Stored dataset items:
(* Let $g(x,y)=\sum_{i,j=-\infty}^{\infty}c(i,j)x^iy^j$ be a nonzero bilateral formal series with $g\perp g$, and let $f(x,y)$ be a bilateral formal series. Then $f\perp g$ if and only if there exist integers $m_0,k_0$ with $c(m_0,k_0)\neq 0$ and bilateral formal series $P(x)=\sum_{i=-\infty}^{\infty}p_ix^i$, $Q(x)=\sum_{i=-\infty}^{\infty}q_ix^i$ (with arbitrary complex coefficient sequences $p_i,q_i$) such that $$f(x,y)=\frac{1}{c(m_0,k_0)}\Big(P(x)\,[x^{m_0}]g(x,y)-Q(x)\,[x^{k_0}]g(x,y)\Big),$$ where $[x^{m}]g(x,y)=\sum_{j=-\infty}^{\infty}c(m,j)y^j$ denotes the coefficient of $x^{m}$ in $g(x,y)$.
   Context: A bilateral formal series in $x,y$ is a formal expression $\sum_{i,j\in\mathbb{Z}}\lambda(i,j)x^iy^j$ with complex coefficients. For two such series $f,g$, the expression $g(u,v)f(z,w)-g(u,w)f(z,v)+g(v,w)f(z,u)$ is a well-defined formal series in four independent variables $u,v,w,z$. One writes $f\perp g$ if this expression is identically zero. *)

theory Defs
  imports Complex_Main
begin

text \<open>A bilateral formal series sum over i,j in Z of lambda(i,j) x^i y^j is represented
by its coefficient function. A one-variable bilateral series is a function int => complex.\<close>

type_synonym bseries2 = "int \<Rightarrow> int \<Rightarrow> complex"
type_synonym bseries1 = "int \<Rightarrow> complex"

text \<open>The coefficient of u^a v^b w^c z^d in g(u,v)f(z,w) - g(u,w)f(z,v) + g(v,w)f(z,u)
is g(a,b)f(d,c) - g(a,c)f(d,b) + g(b,c)f(d,a).  f is orthogonal to g iff all vanish.\<close>

definition perp :: "bseries2 \<Rightarrow> bseries2 \<Rightarrow> bool" where
  "perp f g \<longleftrightarrow> (\<forall>a b c d.
      g a b * f d c - g a c * f d b + g b c * f d a = 0)"

definition xcoeff :: "bseries2 \<Rightarrow> int \<Rightarrow> bseries1" where
  "xcoeff g m = (\<lambda>j. g m j)"

definition sepmul :: "bseries1 \<Rightarrow> bseries1 \<Rightarrow> bseries2" where
  "sepmul P h = (\<lambda>i j. P i * h j)"

end

theory Submission
  imports Defs
begin

text \<open>The relation \<^prop>\<open>perp f g\<close> is linear in \<open>f\<close>, and \<^prop>\<open>perp g g\<close> says precisely
that every product \<open>P(x) [x\<^sup>m]g(x,y)\<close> is orthogonal to \<open>g\<close>; this gives one direction.
Conversely, if \<open>g(m\<^sub>0,k\<^sub>0) \<noteq> 0\<close>, the instance \<open>a = m\<^sub>0\<close>, \<open>b = k\<^sub>0\<close> of \<^prop>\<open>perp f g\<close> can be
solved for \<open>f(d,c)\<close>, which expresses \<open>f\<close> through the two rows \<open>[x^m\<^sub>0]g\<close> and
\<open>[x^k\<^sub>0]g\<close> with \<open>P = f(\<cdot>,k\<^sub>0)\<close> and \<open>Q = f(\<cdot>,m\<^sub>0)\<close>.\<close>

lemma perp_diff:
  assumes "perp f g" and "perp h g"
  shows "perp (\<lambda>i j. f i j - h i j) g"
  using assms unfolding perp_def by (simp add: algebra_simps)

lemma perp_divide:
  assumes "perp f g"
  shows "perp (\<lambda>i j. f i j / c) g"
proof -
  have "g a b * (f d c' / c) - g a c' * (f d b / c) + g b c' * (f d a / c)
      = (g a b * f d c' - g a c' * f d b + g b c' * f d a) / c" for a b c' d
    by (simp add: diff_divide_distrib add_divide_distrib)
  then show ?thesis
    using assms unfolding perp_def by simp
qed

lemma perp_sepmul_xcoeff:
  assumes "perp g g"
  shows "perp (sepmul P (xcoeff g m)) g"
  unfolding perp_def
proof (intro allI)
  fix a b c d
  have "g a b * g m c - g a c * g m b + g b c * g m a = 0"
    using assms unfolding perp_def by blast
  then have "P d * (g a b * g m c - g a c * g m b + g b c * g m a) = 0"
    by simp
  then show "g a b * sepmul P (xcoeff g m) d c - g a c * sepmul P (xcoeff g m) d b
      + g b c * sepmul P (xcoeff g m) d a = 0"
    unfolding sepmul_def xcoeff_def by (simp add: algebra_simps)
qed

lemma perp_eq_sepmul_xcoeff:
  assumes "perp f g" and "g m0 k0 \<noteq> 0"
  shows "f = (\<lambda>i j. (sepmul (\<lambda>i. f i k0) (xcoeff g m0) i j
                    - sepmul (\<lambda>i. f i m0) (xcoeff g k0) i j) / g m0 k0)"
proof (intro ext)
  fix i j
  have "g m0 k0 * f i j - g m0 j * f i k0 + g k0 j * f i m0 = 0"
    using assms(1) unfolding perp_def by blast
  then show "f i j = (sepmul (\<lambda>i. f i k0) (xcoeff g m0) i j
                    - sepmul (\<lambda>i. f i m0) (xcoeff g k0) i j) / g m0 k0"
    using assms(2) unfolding sepmul_def xcoeff_def by (simp add: field_simps)
qed

theorem theorem2p2:
  fixes f g :: bseries2
  assumes "g \<noteq> (\<lambda>_ _. 0)"
    and "perp g g"
  shows "perp f g \<longleftrightarrow>
    (\<exists>(m0::int) (k0::int) (P::bseries1) (Q::bseries1). g m0 k0 \<noteq> 0 \<and>
       f = (\<lambda>i j. (sepmul P (xcoeff g m0) i j - sepmul Q (xcoeff g k0) i j) / g m0 k0))"
proof
  assume "perp f g"
  obtain m0 k0 where "g m0 k0 \<noteq> 0"
    using assms(1) by blast
  with perp_eq_sepmul_xcoeff[OF \<open>perp f g\<close>] show "\<exists>m0 k0 P Q. g m0 k0 \<noteq> 0 \<and>
       f = (\<lambda>i j. (sepmul P (xcoeff g m0) i j - sepmul Q (xcoeff g k0) i j) / g m0 k0)"
    by blast
next
  assume "\<exists>m0 k0 P Q. g m0 k0 \<noteq> 0 \<and>
       f = (\<lambda>i j. (sepmul P (xcoeff g m0) i j - sepmul Q (xcoeff g k0) i j) / g m0 k0)"
  then obtain m0 k0 P Q where
    f_eq: "f = (\<lambda>i j. (sepmul P (xcoeff g m0) i j - sepmul Q (xcoeff g k0) i j) / g m0 k0)"
    by blast
  show "perp f g"
    unfolding f_eq
    by (intro perp_divide perp_diff perp_sepmul_xcoeff assms(2))
qed

end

* **Task to carry out**: Give back exactly the lines from the beginning of the records through the line containing "text \<open>A bilateral", and only those.

* **Task response**:
(* Let $g(x,y)=\sum_{i,j=-\infty}^{\infty}c(i,j)x^iy^j$ be a nonzero bilateral formal series with $g\perp g$, and let $f(x,y)$ be a bilateral formal series. Then $f\perp g$ if and only if there exist integers $m_0,k_0$ with $c(m_0,k_0)\neq 0$ and bilateral formal series $P(x)=\sum_{i=-\infty}^{\infty}p_ix^i$, $Q(x)=\sum_{i=-\infty}^{\infty}q_ix^i$ (with arbitrary complex coefficient sequences $p_i,q_i$) such that $$f(x,y)=\frac{1}{c(m_0,k_0)}\Big(P(x)\,[x^{m_0}]g(x,y)-Q(x)\,[x^{k_0}]g(x,y)\Big),$$ where $[x^{m}]g(x,y)=\sum_{j=-\infty}^{\infty}c(m,j)y^j$ denotes the coefficient of $x^{m}$ in $g(x,y)$.
   Context: A bilateral formal series in $x,y$ is a formal expression $\sum_{i,j\in\mathbb{Z}}\lambda(i,j)x^iy^j$ with complex coefficients. For two such series $f,g$, the expression $g(u,v)f(z,w)-g(u,w)f(z,v)+g(v,w)f(z,u)$ is a well-defined formal series in four independent variables $u,v,w,z$. One writes $f\perp g$ if this expression is identically zero. *)

theory Defs
  imports Complex_Main
begin

text \<open>A bilateral formal series sum over i,j in Z of lambda(i,j) x^i y^j is represented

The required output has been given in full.